Karşıtların Birliği ve Karşılıklı İç İçe Geçişi

Doğada nereye bakarsak bakalım karşıt eğilimlerin bir arada varolma dinamiğini görürüz. Yaşamı ve hareketi doğuran bu yaratıcı gerilimdir. Bu, Herakleitos (İ.Ö. 500 dolayları) tarafından iki bin beş yüz yıl önce anlaşılmıştı. Hatta bu, Çin’deki ying ve yang düşüncesinde ve Budizmde olduğu gibi, bazı Doğu dinlerinde de mevcuttur. Burada diyalektik mistik bir biçimde açığa çıkmakla beraber, doğanın işleyişine ilişkin bir sezgiyi yansıtır. Hindu dini, yaratılış (Brahma), istikrar ya da düzen (Vişnu) ve yıkım ya da düzensizlikten (Şiva) oluşan üç aşamayı ortaya koyduğunda, diyalektik düşüncenin tohumunu taşımaktadır. Kaos matematiği konulu ilginç kitabında Ian Stewart, “evcilleştirilmemiş” tanrı Şiva ve tanrı Vişnu arasındaki farklılığın, iyi ve kötü arasındaki karşıtlık olmadığına, ahenk ve ahenksizlik ilkesinin birlikte tüm varlığın temelini oluşturduklarına dikkat çeker: Aynı şekilde, matematikçiler düzen ve kaosu altta yatan tek bir determinizmin iki farklı görünümü olarak görmeye başlıyorlar. Ve bunların hiçbirisi yalıtık bir halde bulunmamaktadır.

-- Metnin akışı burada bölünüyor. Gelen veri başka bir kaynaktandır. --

(* Let $B$ be a finite set of vincular patterns, let $p\in S_k$ be a prefix pattern and let $\vec v\in\mathbb{N}^{k+1}$. Suppose every permutation $\pi\in A(p,\vec v)$ contains a copy of some $(\sigma,X)\in B$ such that all positions of the head of that copy lie in $\{1,\dots,k\}$ (i.e. the letters of the copy corresponding to the head of $(\sigma,X)$ are among $\pi_1\cdots\pi_k$). Then $\vec v$ is a gap vector for $p$ with respect to $B$.
   Context: For a word $w$ of distinct integers, $\mathrm{red}(w)$ replaces the $i$-th smallest letter by $i$; $u\sim w$ means $\mathrm{red}(u)=\mathrm{red}(w)$. A vincular pattern of length $\ell$ is a pair $(\sigma,X)$ with $\sigma\in S_\ell$ and $X\subseteq[\ell-1]$. A permutation $\pi\in S_n$ contains $(\sigma,X)$ if there are indices $i_1<\dots<i_\ell$ with $\mathrm{red}(\pi_{i_1}\cdots\pi_{i_\ell})=\sigma$ and $i_{x+1}=i_x+1$ for every $x\in X$; the subsequence $\pi_{i_1}\cdots\pi_{i_\ell}$ is a copy. $\pi$ avoids a set $B$ of such patterns if it contains none of them. The head of $(\sigma,X)$ is the pattern formed by its first $m+1$ letters, $(\mathrm{red}(\sigma_1\cdots\sigma_{m+1}),X)$, where $m=\max X$ ($m=0$ if $X=\emptyset$). For a word $w\in[n]^k$ with distinct letters, let $c_i$ be its $i$-th smallest letter, $c_0=0$, $c_{k+1}=n+1$; the spacing vector $\vec g(n,w)\in\mathbb{N}^{k+1}$ has $i$-th component $c_i-c_{i-1}-1$. For $p\in S_k$ and such $w$ with $\mathrm{red}(w)=p$, let $S_n^B(p;w)$ be the set of $B$-avoiding $\pi\in S_n$ with $\pi_i=w_i$ for $1\le i\le k$. A vector $\vec v\in\mathbb{N}^{k+1}$ is a gap vector for $p$ with respect to $B$ if for every $n$ and every such $w$ with $\vec g(n,w)\ge\vec v$ (componentwise), $S_n^B(p;w)=\emptyset$. Finally, $A(p,\vec v)$ is the set of permutations $\pi\in S_{k+|\vec v|}$ (where $|\vec v|$ is the sum of the components) with $\pi_1\cdots\pi_k\sim p$ and $\vec g(k+|\vec v|,\pi_1\cdots\pi_k)=\vec v$. *)

theory Defs
  imports Main "HOL-Combinatorics.Multiset_Permutations"
begin

(* Permutations of S_n are lists that are arrangements of {1..n}
   (library notion permutations_of_set). Words are nat lists;
   list positions are 0-indexed internally. *)

type_synonym vpattern = "nat list \<times> nat set"

definition red :: "nat list \<Rightarrow> nat list" where
  "red w = map (\<lambda>x. card {y \<in> set w. y \<le> x}) w"

definition valid_vpattern :: "vpattern \<Rightarrow> bool" where
  "valid_vpattern P = (fst P \<in> permutations_of_set {1..length (fst P)}
                       \<and> snd P \<subseteq> {1..<length (fst P)})"

(* idx j (0-indexed j < l) is the (0-indexed) position of the (j+1)-st letter
   of a copy of (sigma, X) in pi *)
definition copy_at :: "nat list \<Rightarrow> vpattern \<Rightarrow> (nat \<Rightarrow> nat) \<Rightarrow> bool" where
  "copy_at \<pi> P idx =
     (let \<sigma> = fst P; X = snd P; l = length \<sigma> in
       (\<forall>j. Suc j < l \<longrightarrow> idx j < idx (Suc j)) \<and>
       (\<forall>j<l. idx j < length \<pi>) \<and>
       red (map (\<lambda>j. \<pi> ! idx j) [0..<l]) = \<sigma> \<and>
       (\<forall>x\<in>X. idx x = Suc (idx (x - 1))))"

definition contains :: "nat list \<Rightarrow> vpattern \<Rightarrow> bool" where
  "contains \<pi> P = (\<exists>idx. copy_at \<pi> P idx)"

definition avoids :: "nat list \<Rightarrow> vpattern set \<Rightarrow> bool" where
  "avoids \<pi> B = (\<forall>P\<in>B. \<not> contains \<pi> P)"

(* m = max X (0 if X empty); the head consists of the first m+1 letters,
   i.e. 0-indexed letters 0..m; its last letter has 0-indexed index m *)
definition head_last :: "nat set \<Rightarrow> nat" where
  "head_last X = (if X = {} then 0 else Max X)"

definition gapvec :: "nat \<Rightarrow> nat list \<Rightarrow> nat list" where
  "gapvec n w = (let c = 0 # sort w @ [Suc n] in
                  map (\<lambda>i. c ! Suc i - c ! i - 1) [0..<Suc (length w)])"

definition S_restr :: "nat \<Rightarrow> vpattern set \<Rightarrow> nat list \<Rightarrow> nat list \<Rightarrow> nat list set" where
  "S_restr n B p w = {\<pi> \<in> permutations_of_set {1..n}. avoids \<pi> B \<and> take (length p) \<pi> = w}"

definition gap_vector :: "nat list \<Rightarrow> vpattern set \<Rightarrow> nat list \<Rightarrow> bool" where
  "gap_vector p B v =
     (\<forall>n w. length w = length p \<and> distinct w \<and> set w \<subseteq> {1..n} \<and> red w = p \<and>
            list_all2 (\<le>) v (gapvec n w) \<longrightarrow> S_restr n B p w = {})"

definition A_set :: "nat list \<Rightarrow> nat list \<Rightarrow> nat list set" where
  "A_set p v = {\<pi> \<in> permutations_of_set {1..length p + sum_list v}.
                  red (take (length p) \<pi>) = red p \<and>
                  gapvec (length p + sum_list v) (take (length p) \<pi>) = v}"

end

theory Submission
  imports Defs
begin

(* Let \<pi> \<in> S_n(p; w) avoid B, where the spacing vector of w dominates v.
   Choose a set T of letters outside w with exactly v_i letters in the i-th gap of w, and
   let \<pi>' be the reduction of the subsequence of \<pi> formed by the letters of w and T.
   The first k letters of this subsequence are w itself, and the gaps of w counted inside
   it are the v_i, so \<pi>' \<in> A(p, v).  By hypothesis \<pi>' contains a copy of some pattern
   in B whose head lies among its first k positions.  Since the subsequence agrees with \<pi>
   on these positions, every adjacency requirement of the pattern, all of which concern
   the head, is still met in \<pi>; the order conditions survive in any subsequence.  So \<pi>
   contains the pattern, a contradiction. *)

definition rk :: "nat set \<Rightarrow> nat \<Rightarrow> nat" where
  "rk A x = card {y\<in>A. y \<le> x}"

lemma red_rk: "red w = map (rk (set w)) w"
  by (simp add: red_def rk_def)

lemma rk_strict_mono: "finite A \<Longrightarrow> strict_mono_on A (rk A)"
proof (rule strict_mono_onI)
  fix x y assume "finite A" "x \<in> A" "y \<in> A" "x < y"
  then have "{z\<in>A. z \<le> x} \<subset> {z\<in>A. z \<le> y}" by force
  then show "rk A x < rk A y" unfolding rk_def using \<open>finite A\<close>
    by (intro psubset_card_mono) auto
qed

lemma rk_image: assumes "finite A" shows "rk A ` A = {1..card A}"
proof -
  have inj: "inj_on (rk A) A" using rk_strict_mono[OF assms] by (rule strict_mono_on_imp_inj_on)
  have "rk A ` A \<subseteq> {1..card A}"
    using assms unfolding rk_def by (auto intro!: card_mono Suc_leI card_gt_0_iff[THEN iffD2])
  moreover have "card (rk A ` A) = card {1..card A}" using card_image[OF inj] by simp
  ultimately show ?thesis by (intro card_subset_eq) auto
qed

lemma red_map_strict_mono:
  assumes "strict_mono_on A g" "set w \<subseteq> A"
  shows "red (map g w) = red w"
proof -
  have inj: "inj_on g A" using assms(1) by (rule strict_mono_on_imp_inj_on)
  have "card {y \<in> g ` set w. y \<le> g x} = card {y\<in>set w. y \<le> x}" if x: "x \<in> set w" for x
  proof -
    have "{y \<in> g ` set w. y \<le> g x} = g ` {y\<in>set w. y \<le> x}"
      using x assms strict_mono_on_less_eq[OF assms(1)] by (auto simp: image_iff subset_iff)
    moreover have "inj_on g {y\<in>set w. y \<le> x}" using inj assms(2) by (auto intro: inj_on_subset)
    ultimately show ?thesis by (simp add: card_image)
  qed
  then show ?thesis by (simp add: red_def)
qed

lemma red_perm:
  assumes "distinct s" shows "red s \<in> permutations_of_set {1..length s}"
proof -
  have "inj_on (rk (set s)) (set s)" by (intro strict_mono_on_imp_inj_on rk_strict_mono) simp
  then show ?thesis unfolding red_rk permutations_of_set_def
    using rk_image[of "set s"] distinct_card[OF assms] assms by (auto simp: distinct_map)
qed

lemma red_id: assumes "p \<in> permutations_of_set {1..k}" shows "red p = p"
proof -
  have s: "set p = {1..k}" using assms by (simp add: permutations_of_set_def)
  have "rk {1..k} x = x" if "x \<in> {1..k}" for x
  proof -
    have "{y\<in>{1..k}. y \<le> x} = {1..x}" using that by auto
    then show ?thesis by (simp add: rk_def)
  qed
  then show ?thesis unfolding red_rk s by (intro map_idI) (auto simp: s)
qed

(* Copies of a pattern only depend on the relative order of the letters,
   so a word of distinct letters and its reduction have the same copies. *)
lemma copy_at_red:
  assumes "distinct s"
  shows "copy_at (red s) P idx \<longleftrightarrow> copy_at s P idx"
proof -
  have mono: "strict_mono_on (set s) (rk (set s))" by (rule rk_strict_mono) simp
  have "red (map (\<lambda>j. red s ! idx j) [0..<length (fst P)])
        = red (map (\<lambda>j. s ! idx j) [0..<length (fst P)])"
    if bound: "\<forall>j<length (fst P). idx j < length s"
  proof -
    define ws where "ws = map (\<lambda>j. s ! idx j) [0..<length (fst P)]"
    have e: "map (\<lambda>j. red s ! idx j) [0..<length (fst P)] = map (rk (set s)) ws"
      using bound by (simp add: ws_def red_rk del: red_def)
    have r: "red (map (rk (set s)) ws) = red ws"
      by (rule red_map_strict_mono[OF mono]) (use bound in \<open>auto simp: ws_def\<close>)
    show ?thesis unfolding e r by (simp only: ws_def)
  qed
  moreover have "length (red s) = length s" by (simp add: red_def)
  ultimately show ?thesis unfolding copy_at_def Let_def by auto
qed

lemma idx_mono:
  assumes "\<forall>j. Suc j < l \<longrightarrow> (f::nat\<Rightarrow>nat) j < f (Suc j)" "a \<le> b" "b < l"
  shows "f a \<le> f b"
  using assms(2,3)
proof (induction b)
  case (Suc b)
  then show ?case using assms(1) by (cases "a = Suc b") (auto intro: order.trans less_imp_le)
qed simp

(* The order conditions survive since L is increasing; an adjacency condition
   survives as long as the two positions involved lie in a common prefix on which L
   is the identity, which is guaranteed when the whole head of the copy lies there. *)
lemma copy_at_lift:
  assumes L: "sorted_wrt (<) L" "\<forall>j\<in>set L. j < length \<pi>" "take k L = [0..<k]"
    and P: "valid_vpattern P"
    and cp: "copy_at (map (nth \<pi>) L) P idx"
    and head: "idx (head_last (snd P)) < k"
  shows "copy_at \<pi> P (\<lambda>j. L ! idx j)"
proof -
  obtain \<sigma> X where PX: "P = (\<sigma>, X)" by fastforce
  define l where "l = length \<sigma>"
  have X: "X \<subseteq> {1..<l}" using P by (simp add: valid_vpattern_def PX l_def)
  have c1: "\<forall>j. Suc j < l \<longrightarrow> idx j < idx (Suc j)"
    and c2: "\<forall>j<l. idx j < length L"
    and c3: "red (map (\<lambda>j. map (nth \<pi>) L ! idx j) [0..<l]) = \<sigma>"
    and c4: "\<forall>x\<in>X. idx x = Suc (idx (x - 1))"
    using cp by (auto simp: copy_at_def Let_def PX l_def)
  have prefix: "L ! j = j" if "j < k" for j
    using that L(3) by (metis add_0 diff_zero length_take length_upt min_less_iff_conj nth_take nth_upt)
  show ?thesis
    unfolding copy_at_def Let_def PX fst_conv snd_conv l_def[symmetric]
  proof (intro conjI allI impI ballI)
    fix j assume "Suc j < l"
    then show "L ! idx j < L ! idx (Suc j)"
      using c1 c2 L(1) by (simp add: sorted_wrt_nth_less)
  next
    fix j assume "j < l"
    then show "L ! idx j < length \<pi>" using c2 L(2) nth_mem by blast
  next
    have "map (\<lambda>j. map (nth \<pi>) L ! idx j) [0..<l] = map (\<lambda>j. \<pi> ! (L ! idx j)) [0..<l]"
      using c2 by simp
    then show "red (map (\<lambda>j. \<pi> ! (L ! idx j)) [0..<l]) = \<sigma>" using c3 by (simp only:)
  next
    fix x assume x: "x \<in> X"
    have fX: "finite X" using X finite_subset by blast
    have "x \<le> head_last X" "head_last X < l"
      using x X fX Max_in[OF fX] by (auto simp: head_last_def)
    then have "idx x \<le> idx (head_last X)" by (rule idx_mono[OF c1])
    then have "idx x < k" using head PX by simp
    moreover have "idx (x - 1) < idx x" using c4 x by (metis lessI)
    ultimately show "L ! idx x = Suc (L ! idx (x - 1))" using prefix c4 x by simp
  qed
qed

Tipik bir sistem, kimisi düzenli kimisi kaotik çeşitli durumlarda bulunabilir. İki karşıt kutup yerine sürekli bir tayf vardır. Ahenk ve ahenksizliğin müzik güzelliği içinde birleşmesi gibi, düzen ve kaos da matematiksel güzellik içinde birleşirler.

Herakleitos’ta tüm bunlar esinleyici bir öngörü niteliğindedir. Şimdi bu hipotez muazzam miktarda örneklerle doğrulanmıştır. Karşıtların birliği atomun bağrında yatmaktadır ve tüm evren moleküllerden, atomlardan ve atomaltı parçacıklardan oluşmaktadır. R. P. Feynman konuyu çok güzel açıklamaktadır: Her şey, hatta biz kendimiz de, çok düzgün biçimde dengelenmiş, son derece güçlü bir şekilde etkileşen küçük tanecikli artı ve eksi parçalardan oluşmaktayız.
Devamını oku “Karşıtların Birliği ve Karşılıklı İç İçe Geçişi”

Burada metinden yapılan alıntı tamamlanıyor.